(RECORDS PROVIDED)

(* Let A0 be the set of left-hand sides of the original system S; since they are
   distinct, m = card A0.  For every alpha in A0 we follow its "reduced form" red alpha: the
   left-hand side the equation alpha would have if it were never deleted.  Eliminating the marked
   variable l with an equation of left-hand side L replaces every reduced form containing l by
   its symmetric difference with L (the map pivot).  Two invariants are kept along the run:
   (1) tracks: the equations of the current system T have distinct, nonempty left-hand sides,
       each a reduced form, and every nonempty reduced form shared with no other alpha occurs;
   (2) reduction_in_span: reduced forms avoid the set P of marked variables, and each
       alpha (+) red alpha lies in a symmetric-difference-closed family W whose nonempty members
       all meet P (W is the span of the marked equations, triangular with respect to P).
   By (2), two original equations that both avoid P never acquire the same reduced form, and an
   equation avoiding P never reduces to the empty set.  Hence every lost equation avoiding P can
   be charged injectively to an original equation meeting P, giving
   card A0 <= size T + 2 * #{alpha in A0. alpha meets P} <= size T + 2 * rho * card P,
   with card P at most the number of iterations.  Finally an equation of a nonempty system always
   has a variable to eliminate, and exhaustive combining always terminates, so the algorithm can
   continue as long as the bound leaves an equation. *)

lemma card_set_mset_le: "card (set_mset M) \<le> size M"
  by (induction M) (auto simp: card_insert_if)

(End RECORDS PROVIDED)
(RECORDS PROVIDED)

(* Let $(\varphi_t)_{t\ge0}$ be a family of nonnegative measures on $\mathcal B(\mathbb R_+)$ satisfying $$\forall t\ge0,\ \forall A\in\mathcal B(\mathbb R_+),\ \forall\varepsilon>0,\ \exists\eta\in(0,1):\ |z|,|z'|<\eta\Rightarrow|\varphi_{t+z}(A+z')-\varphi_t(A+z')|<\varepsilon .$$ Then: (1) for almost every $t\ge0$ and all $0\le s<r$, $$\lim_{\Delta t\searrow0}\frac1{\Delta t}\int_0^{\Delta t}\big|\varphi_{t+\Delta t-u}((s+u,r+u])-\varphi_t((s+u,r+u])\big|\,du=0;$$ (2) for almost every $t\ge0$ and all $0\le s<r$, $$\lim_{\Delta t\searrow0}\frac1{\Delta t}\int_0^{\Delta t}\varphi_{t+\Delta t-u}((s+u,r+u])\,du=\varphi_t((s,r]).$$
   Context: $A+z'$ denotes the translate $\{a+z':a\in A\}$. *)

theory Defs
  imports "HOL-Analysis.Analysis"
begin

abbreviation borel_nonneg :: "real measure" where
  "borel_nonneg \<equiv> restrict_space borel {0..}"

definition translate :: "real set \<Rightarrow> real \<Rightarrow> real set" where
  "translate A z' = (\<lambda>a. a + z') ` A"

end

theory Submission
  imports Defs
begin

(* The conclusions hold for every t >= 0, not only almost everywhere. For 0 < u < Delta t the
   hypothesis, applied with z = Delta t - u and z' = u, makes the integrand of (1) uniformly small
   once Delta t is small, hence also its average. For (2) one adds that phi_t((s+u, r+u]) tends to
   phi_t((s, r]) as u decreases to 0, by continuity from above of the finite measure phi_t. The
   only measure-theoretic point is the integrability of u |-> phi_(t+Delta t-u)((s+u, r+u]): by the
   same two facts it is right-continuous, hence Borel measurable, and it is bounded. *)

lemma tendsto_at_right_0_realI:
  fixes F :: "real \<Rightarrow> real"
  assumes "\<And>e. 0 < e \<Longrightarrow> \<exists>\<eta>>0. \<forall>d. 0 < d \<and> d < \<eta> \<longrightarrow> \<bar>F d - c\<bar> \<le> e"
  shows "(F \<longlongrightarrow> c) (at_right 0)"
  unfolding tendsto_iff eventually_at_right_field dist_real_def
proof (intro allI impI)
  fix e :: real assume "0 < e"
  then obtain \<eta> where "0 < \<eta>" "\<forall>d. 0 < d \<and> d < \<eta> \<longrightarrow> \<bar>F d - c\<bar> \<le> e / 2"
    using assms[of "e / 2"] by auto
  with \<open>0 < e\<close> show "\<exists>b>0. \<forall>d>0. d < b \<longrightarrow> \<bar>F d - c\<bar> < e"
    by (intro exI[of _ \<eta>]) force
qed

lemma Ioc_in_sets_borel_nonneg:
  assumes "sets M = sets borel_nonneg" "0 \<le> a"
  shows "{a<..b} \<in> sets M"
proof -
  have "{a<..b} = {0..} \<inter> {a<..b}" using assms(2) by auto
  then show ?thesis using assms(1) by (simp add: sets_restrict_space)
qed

(End RECORDS PROVIDED)

[WHAT IS REQUIRED]
Taking the records above, retype every line from the one with "(* Let A0 be" down to the one with "each a reduced", exactly and with nothing else.

[OUTPUT FOR THIS TASK]
(* Let A0 be the set of left-hand sides of the original system S; since they are
   distinct, m = card A0.  For every alpha in A0 we follow its "reduced form" red alpha: the
   left-hand side the equation alpha would have if it were never deleted.  Eliminating the marked
   variable l with an equation of left-hand side L replaces every reduced form containing l by
   its symmetric difference with L (the map pivot).  Two invariants are kept along the run:
   (1) tracks: the equations of the current system T have distinct, nonempty left-hand sides,
       each a reduced form, and every nonempty reduced form shared with no other alpha occurs;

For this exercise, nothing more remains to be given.